Por Eduardo García Aguilar
Hace mucho
tiempo hice estas reflexiones en mi cuaderno de apuntes de los Textos nómadas,
y su actualidad al contejarlas con los hechos del mundo hoy me parece
total, por lo que vuelvo a ellas como si el tiempo no hubiera pasado. Decía
allí que así como es fácil corregir los errores de una acción luego de que ha
sucedido, es fácil también en la vejez o después de la muerte descubrir los
errores de una existencia.
En la actualidad, debido al caos en que
parece solazarse el mundo, es imposible saber hacia donde vamos y si lo que
hacemos es lo correcto en estas circunstancias. En algunos países, la mancha
cancerígena de la violencia parece convertirse en una inofensiva enfermedad que
no aniquila al paciente y no impide tampoco a sus hijos tener cierta lucidez
sobre los motivos del desangre. No solo se trata allí de una lucha entre
poseedores y desposeídos, que ocurre sin cuartel en las ciudades y los campos.
Hay sin duda algo más oculto, una extraña naturaleza que hace culpables por
parejo a quienes dominan y a los dominados. A los primeros, por aferrarse
ciegamente a sus privilegios, y a los segundos, por no haber sido capaces de
derrocar a un sistema centenario que apoyan con sus votos cuando de elecciones
se trata. No se quien decía que los países merecen los gobernantes que poseen.

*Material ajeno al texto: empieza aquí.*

lemma second_form_frame:
  "\<exists>R11 R12 R22. \<forall>eps>0.
     second_form eps (X1 p) (X1 p) = - sym_hess X1 X1 + eps^2 * R11
     \<and> second_form eps (X1 p) (X2 p) = - sym_hess X1 X2 + eps^2 * R12
     \<and> second_form eps (X2 p) (X2 p) = - sym_hess X2 X2 + eps^2 * R22"
proof (intro exI allI impI)
  fix eps :: real assume "eps > 0"
  then have "eps \<noteq> 0" by simp
  note \<Gamma> = christoffel_form_frame[OF this has_derivative_gmetric_p(2)[OF \<open>eps > 0\<close>]
      linear_dderiv[OF X_differentiable(1)] linear_dderiv[OF X_differentiable(2)]
      linear_dderiv[OF X_differentiable(3)] refl]
  have H: "hessian_form f p (X2 p) (X1 p) = hessian_form f p (X1 p) (X2 p)"
    by (rule hessian_form_commute[OF open_U p_in_U f_differentiable f_partials])
  show "second_form eps (X1 p) (X1 p) = - sym_hess X1 X1
      + eps^2 * (X0f * (- (K *v DX0 (X1 p))$2 + (K *v DX1 (X0 p))$2))
    \<and> second_form eps (X1 p) (X2 p) = - sym_hess X1 X2
      + eps^2 * ((X0f/2) * (- (K *v DX0 (X1 p))$3 - (K *v DX0 (X2 p))$2
                             + (K *v DX1 (X0 p))$3 + (K *v DX2 (X0 p))$2))
    \<and> second_form eps (X2 p) (X2 p) = - sym_hess X2 X2
      + eps^2 * (X0f * (- (K *v DX0 (X2 p))$3 + (K *v DX2 (X0 p))$3))"
    unfolding second_form_def \<Gamma> sym_hess_def vf_app_vf_app[OF has_derivative_X(2)]
      vf_app_vf_app[OF has_derivative_X(3)] H
    by (simp add: algebra_simps)
qed

lemma tangent_field_derivative:
  assumes V: "open V" "p \<in> V" "V \<subseteq> U"
    and Z: "(Z has_derivative DZ) (at p)"
    and Z_tangent: "\<forall>x\<in>V. f x = 0 \<longrightarrow> Z x \<in> tspace f x"
    and v: "v \<in> tspace f p"
  shows "dderiv f p (DZ v) + hessian_form f p v (Z p) = 0"
proof (rule has_derivative_vanishing_on_level_set[OF V(1,2) _ has_derivative_dderiv[OF f_differentiable_p] f_p _ _
      has_derivative_dderiv_along[OF open_U p_in_U f_differentiable f_partials Z]])
  show "continuous_on V f"
    using f_differentiable V(3)
    by (meson continuous_at_imp_continuous_on differentiable_imp_continuous_within subsetD)
  show "dderiv f p (X0 p) \<noteq> 0" using X0f_nonzero by (simp add: vf_app_def)
  show "dderiv f p v = 0" using v by (simp add: tspace_def)
  show "\<forall>x\<in>V. f x = 0 \<longrightarrow> dderiv f x (Z x) = 0" using Z_tangent by (simp add: tspace_def)
qed

end

locale characteristic_point_tangent_frame = characteristic_point +
  fixes V :: "(real^3) set" and Y1 Y2 :: "real^3 \<Rightarrow> real^3"
  assumes open_V: "open V" and p_in_V: "p \<in> V" and V_subset: "V \<subseteq> U"
    and Y_differentiable: "Y1 differentiable (at p)" "Y2 differentiable (at p)"
    and Y_tangent: "\<forall>x\<in>V. f x = 0 \<longrightarrow> Y1 x \<in> tspace f x \<and> Y2 x \<in> tspace f x"
    and Y_indep: "\<forall>a b. a *\<^sub>R Y1 p + b *\<^sub>R Y2 p = 0 \<longrightarrow> a = 0 \<and> b = 0"
begin

lemma grad_LC_conn_tangent:
  assumes eps: "eps > 0" and YZ: "Y \<in> {Y1, Y2}" "Z \<in> {Y1, Y2}"
  shows "grad f p \<bullet> LC_conn (gmetric eps X0 X1 X2) Y Z p = second_form eps (Y p) (Z p)"
proof -
  have "Y p \<in> tspace f p" "\<forall>x\<in>V. f x = 0 \<longrightarrow> Z x \<in> tspace f x" "Z differentiable (at p)"
    using YZ Y_tangent Y_differentiable f_p p_in_V by auto
  then have "dderiv f p (dderiv Z p (Y p)) + hessian_form f p (Y p) (Z p) = 0"
    using tangent_field_derivative[OF open_V p_in_V V_subset has_derivative_dderiv] by blast
  then show ?thesis
    using grad_LC_conn[OF eps] by (simp add: second_form_def eq_neg_iff_add_eq_0)
qed
lemma three_in_affine_hull_2:
  fixes a b :: "'a::real_vector"
  assumes "x \<in> affine hull {a, b}" "y \<in> affine hull {a, b}" "z \<in> affine hull {a, b}"
  shows "x \<in> convex hull {y, z} \<or> y \<in> convex hull {x, z} \<or> z \<in> convex hull {x, y}"
proof -
  have "\<exists>s. w = a + s *\<^sub>R (b - a)" if w: "w \<in> affine hull {a, b}" for w
  proof -
    obtain u v where "w = u *\<^sub>R a + v *\<^sub>R b" "u + v = 1"
      using w unfolding affine_hull_2 by blast
    then have "w = a + v *\<^sub>R (b - a)"
      by (simp add: algebra_simps flip: scaleR_add_left)
    then show ?thesis by blast
  qed
  then obtain r s t where "x = a + r *\<^sub>R (b - a)" "y = a + s *\<^sub>R (b - a)" "z = a + t *\<^sub>R (b - a)"
    using assms by metis
  moreover have "r \<le> s \<and> s \<le> t \<or> t \<le> s \<and> s \<le> r \<or> s \<le> r \<and> r \<le> t \<or>
      t \<le> r \<and> r \<le> s \<or> r \<le> t \<and> t \<le> s \<or> s \<le> t \<and> t \<le> r"
    by linarith
  ultimately show ?thesis
    using between_params_in_convex_hull[of r s t a "b - a"] between_params_in_convex_hull[of t s r a "b - a"]
      between_params_in_convex_hull[of s r t a "b - a"] between_params_in_convex_hull[of t r s a "b - a"]
      between_params_in_convex_hull[of r t s a "b - a"] between_params_in_convex_hull[of s t r a "b - a"]
    by (auto simp: insert_commute)
qed

lemma convexly_independent_card_inter_affine_hull_2:
  fixes Y :: "'a::real_vector set"
  assumes ci: "convexly_independent Y"
  shows "card (Y \<inter> affine hull {a, b}) \<le> 2"
proof (rule ccontr)
  assume "\<not> ?thesis"
  then obtain T where "T \<subseteq> Y \<inter> affine hull {a, b}" "card T = 3"
    by (metis not_less_eq_eq numeral_2_eq_2 numeral_3_eq_3 obtain_subset_with_card_n)
  then obtain x y z where xyz: "x \<noteq> y" "y \<noteq> z" "x \<noteq> z"
    and Y: "x \<in> Y" "y \<in> Y" "z \<in> Y"
    and line: "x \<in> affine hull {a, b}" "y \<in> affine hull {a, b}" "z \<in> affine hull {a, b}"
    unfolding card_3_iff by auto
  have "v \<notin> convex hull {u, w}" if "v \<in> Y" "u \<in> Y - {v}" "w \<in> Y - {v}" for u v w
    using ci that hull_mono[of "{u, w}" "Y - {v}"] unfolding convexly_independent_def by blast
  then show False
    using three_in_affine_hull_2[OF line] xyz Y by blast
qed

definition joining_lines :: "'a::real_vector set \<Rightarrow> 'a set" where
  "joining_lines F = (\<Union>a\<in>F. \<Union>b\<in>F. affine hull {a, b})"

lemma exists_outside_joining_lines:
  fixes X :: "'a::real_vector set"
  assumes large: "\<forall>n. \<exists>Y. Y \<subseteq> X \<and> finite Y \<and> card Y \<ge> n \<and> convexly_independent Y"
    and "finite F"
  shows "\<exists>x\<in>X. x \<notin> joining_lines F"
proof (rule ccontr)
  assume "\<not> ?thesis"
  then have X: "X \<subseteq> joining_lines F" by auto
  obtain Y where Y: "Y \<subseteq> X" "finite Y" "card Y \<ge> 2 * card (F \<times> F) + 1"
    and ci: "convexly_independent Y"
    using spec[OF large, of "2 * card (F \<times> F) + 1"] by blast
  have "Y = (\<Union>p\<in>F \<times> F. Y \<inter> affine hull {fst p, snd p})"
    using X Y(1) unfolding joining_lines_def by fastforce
  then have "card Y \<le> (\<Sum>p\<in>F \<times> F. card (Y \<inter> affine hull {fst p, snd p}))"
    by (metis card_UN_le \<open>finite F\<close> finite_SigmaI)
  also have "\<dots> \<le> (\<Sum>p\<in>F \<times> F. 2)"
    by (intro sum_mono convexly_independent_card_inter_affine_hull_2[OF ci])
  finally show False
    using Y(3) by simp
qed

lemma not_collinear_if_outside_joining_lines:
  fixes p :: "nat \<Rightarrow> 'a::real_vector"
  assumes "\<And>n. p n \<notin> joining_lines (p ` {..<n})" "i < j" "j < k"
  shows "\<not> collinear {p i, p j, p k}"
proof -
  have "p j \<notin> affine hull {p i}" "p k \<notin> affine hull {p i, p j}"
    using assms unfolding joining_lines_def by fastforce+
  moreover have "p i \<in> affine hull {p i}"
    by (simp add: hull_inc)
  ultimately have "p i \<noteq> p j" "p k \<notin> affine hull {p i, p j}"
    by auto
  then show ?thesis
    by (simp add: collinear_3_affine_hull)
qed

function greedy_seq :: "('a set \<Rightarrow> 'a) \<Rightarrow> nat \<Rightarrow> 'a" where
  "greedy_seq c n = c (set (map (greedy_seq c) [0..<n]))"
  by pat_completeness auto
termination
  by (relation "Wellfounded.measure snd") auto

declare greedy_seq.simps [simp del]

lemma greedy_seq_eq: "greedy_seq c n = c (greedy_seq c ` {..<n})"
  by (subst greedy_seq.simps) (simp add: atLeast0LessThan)

lemma exists_greedy_seq:
  assumes "\<And>F. finite F \<Longrightarrow> \<exists>x\<in>X. x \<notin> B F"
  shows "\<exists>p :: nat \<Rightarrow> 'a. \<forall>n. p n \<in> X \<and> p n \<notin> B (p ` {..<n})"
proof -
  define c where "c F = (SOME x. x \<in> X \<and> x \<notin> B F)" for F
  have "c F \<in> X \<and> c F \<notin> B F" if "finite F" for F
    using someI_ex[of "\<lambda>x. x \<in> X \<and> x \<notin> B F"] assms[OF that] unfolding c_def by blast
  then have "greedy_seq c n \<in> X \<and> greedy_seq c n \<notin> B (greedy_seq c ` {..<n})" for n
    using greedy_seq_eq[of c n] by simp
  then show ?thesis
    by blast
qed
text \<open>A piece of the long exact \<open>Hom(-, \<Sigma>W)\<close>-sequence of \<open>X \<rightarrow> C\<^sub>0 \<rightarrow> X\<^sub>1 \<rightarrow> \<Sigma>X\<close>.\<close>
lemma dtri_thom_third_eq_mzero:
  assumes tri: "(f, g, h) \<in> dtri T" and W: "W \<in> obj T"
    and C0W: "thom T (tgt T f) (susp T W) = {mzero T (tgt T f) (susp T W)}"
    and factor: "\<And>c. c \<in> thom T (src T f) W \<Longrightarrow> \<exists>k\<in>thom T (tgt T f) W. cmp T k f = c"
  shows "thom T (tgt T g) (susp T W) = {mzero T (tgt T g) (susp T W)}"
proof -
  let ?X = "src T f" and ?C0 = "tgt T f" and ?X1 = "tgt T g"
  have f: "f \<in> thom T ?X ?C0" and g: "g \<in> thom T ?C0 ?X1" and h: "h \<in> thom T ?X1 (susp T ?X)"
    using dtri_thom[OF tri] by auto
  have X: "?X \<in> obj T" and X1: "?X1 \<in> obj T" using thom_objs f g by auto
  have sf: "suspm T f \<in> thom T (susp T ?X) (susp T ?C0)" using suspm_in_thom[OF f] .
  have "cmp T (mneg T (suspm T f)) h = mzero T ?X1 (susp T ?C0)"
    using dtri_cmp_eq_mzero[OF dtri_rotate[OF dtri_rotate[OF tri]]]
      thom_memD[OF h] thom_memD[OF mneg_in_thom[OF sf]] by simp
  then have sf_h: "cmp T (suspm T f) h = mzero T ?X1 (susp T ?C0)"
    using cmp_eq_mzero_if_cmp_mneg[OF sf h] by blast
  show ?thesis
  proof (rule thom_eq_singleton_mzero[OF X1 susp_in_obj[OF W]])
    fix v assume v: "v \<in> thom T ?X1 (susp T W)"
    have "cmp T v g = mzero T ?C0 (susp T W)" using C0W cmp_in_thom[OF g v] by blast
    then obtain c where c: "c \<in> thom T (susp T ?X) (susp T W)" "cmp T c h = v"
      using dtri_hom_exact[OF dtri_rotate[OF tri] v] thom_memD[OF g] thom_memD[OF h] by auto
    obtain c' where c': "c' \<in> thom T ?X W" "c = suspm T c'"
      using suspm_bij[OF X W] c(1) unfolding bij_betw_def by auto
    obtain k where k: "k \<in> thom T ?C0 W" "cmp T k f = c'" using factor[OF c'(1)] by blast
    have "v = cmp T (cmp T (suspm T k) (suspm T f)) h"
      using c c' k suspm_cmp[OF f k(1)] by simp
    also have "\<dots> = cmp T (suspm T k) (cmp T (suspm T f) h)"
      using cmp_assoc[OF h sf suspm_in_thom[OF k(1)]] by simp
    also have "\<dots> = mzero T ?X1 (susp T W)"
      using sf_h cmp_mzero[OF suspm_in_thom[OF k(1)] X1] by simp
    finally show "v = mzero T ?X1 (susp T W)" .
  qed
qed

end

definition tri_relations :: "('o, 'm) tricat \<Rightarrow> ('o \<Rightarrow> int) set" where
  "tri_relations T = generate (free_ab (obj T)) (iso_rels T (obj T) \<union> tri_rels T)"

lemma iso_rels_subset_free_ab: "iso_rels T S \<subseteq> carrier (free_ab S)"
proof
  fix r assume "r \<in> iso_rels T S"
  then obtain X Y where "r = (\<lambda>x. gen X x - gen Y x)" "X \<in> S" "Y \<in> S"
    unfolding iso_rels_def by blast
  then show "r \<in> carrier (free_ab S)"
    using free_ab_subgroup_diff[OF group.subgroup_self[OF group_free_ab]] gen_in_free_ab by metis
qed

context triangulated_category
begin

lemma tri_rels_subset_free_ab: "tri_rels T \<subseteq> carrier (free_ab (obj T))"
proof
  fix r assume "r \<in> tri_rels T"
  then obtain f g h where r: "r = (\<lambda>x. gen (src T f) x - gen (tgt T f) x + gen (tgt T g) x)"
    and tri: "(f, g, h) \<in> dtri T"
    unfolding tri_rels_def by blast
  have "src T f \<in> obj T" "tgt T f \<in> obj T" "tgt T g \<in> obj T"
    using thom_objs dtri_thom(1,2)[OF tri] by blast+
  then show "r \<in> carrier (free_ab (obj T))"
    unfolding r using group.subgroup_self[OF group_free_ab] gen_in_free_ab
      free_ab_subgroup_add free_ab_subgroup_diff by metis
qed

La ficción de las “amplias mayorías” se enfrenta muchas veces a la razón, al
sentido común y a la justicia. La “mayoría” puede inclinarse por el error,
hacer legal el ejercicio de un poder maloliente, dar espaldarazo a la torva
ambición de los malevos.
Los que hacen y venden las armas son
precisamente quienes incitan a la violencia y alimentan la hogera de la guerra.
Si no fuera por esa insidiosa interminable batalla entre hermanos enemigos,
muchas serían las industrias que se hundirían a falta de clientes bélicos. Basta
echar un vistazo al pasado del mundo para entender lo poco que ha evolucionado
el hombre en materia de respeto a la vida. Las masacres que a diario vemos en
las pantallas y en los diarios, las desoladas fotografías de pueblos arrasados
por armas químicas, los cuerpos putrefactos madres que se aferran en un rictus
mortal a sus hijos sangrantes, el dantesco cuadro de los campesinos
acribillados y la prepotencia de Londres, Washington, Moscú y París ante el
amago independentista de sus colonias de facto, son apenas algunos aspectos de
esta impresionante similitud entre los viejos tiempos y los nuevos, como si
estuviéramos condenados a un círculo concéntrico de infamias.
Quienes hoy andamos por las calles no
alcanzamos a saber que pasa. Tampoco entendemos el designio que nos gobierna.
Entre la indiferencia, que es tan inútil y tonta como la acción y la
arrogancia, los humanos de hoy hemos perdido la posibilidad de dar sentido a nuestras
palabras. Pareciera que estas se han vuelto una masa pálida e insípida, un
magma sin dulzor ni amargura, una materia invisible que se nos escapa por la
boca de idéntica manera como la vida nos corroe con su trance hacia la nada.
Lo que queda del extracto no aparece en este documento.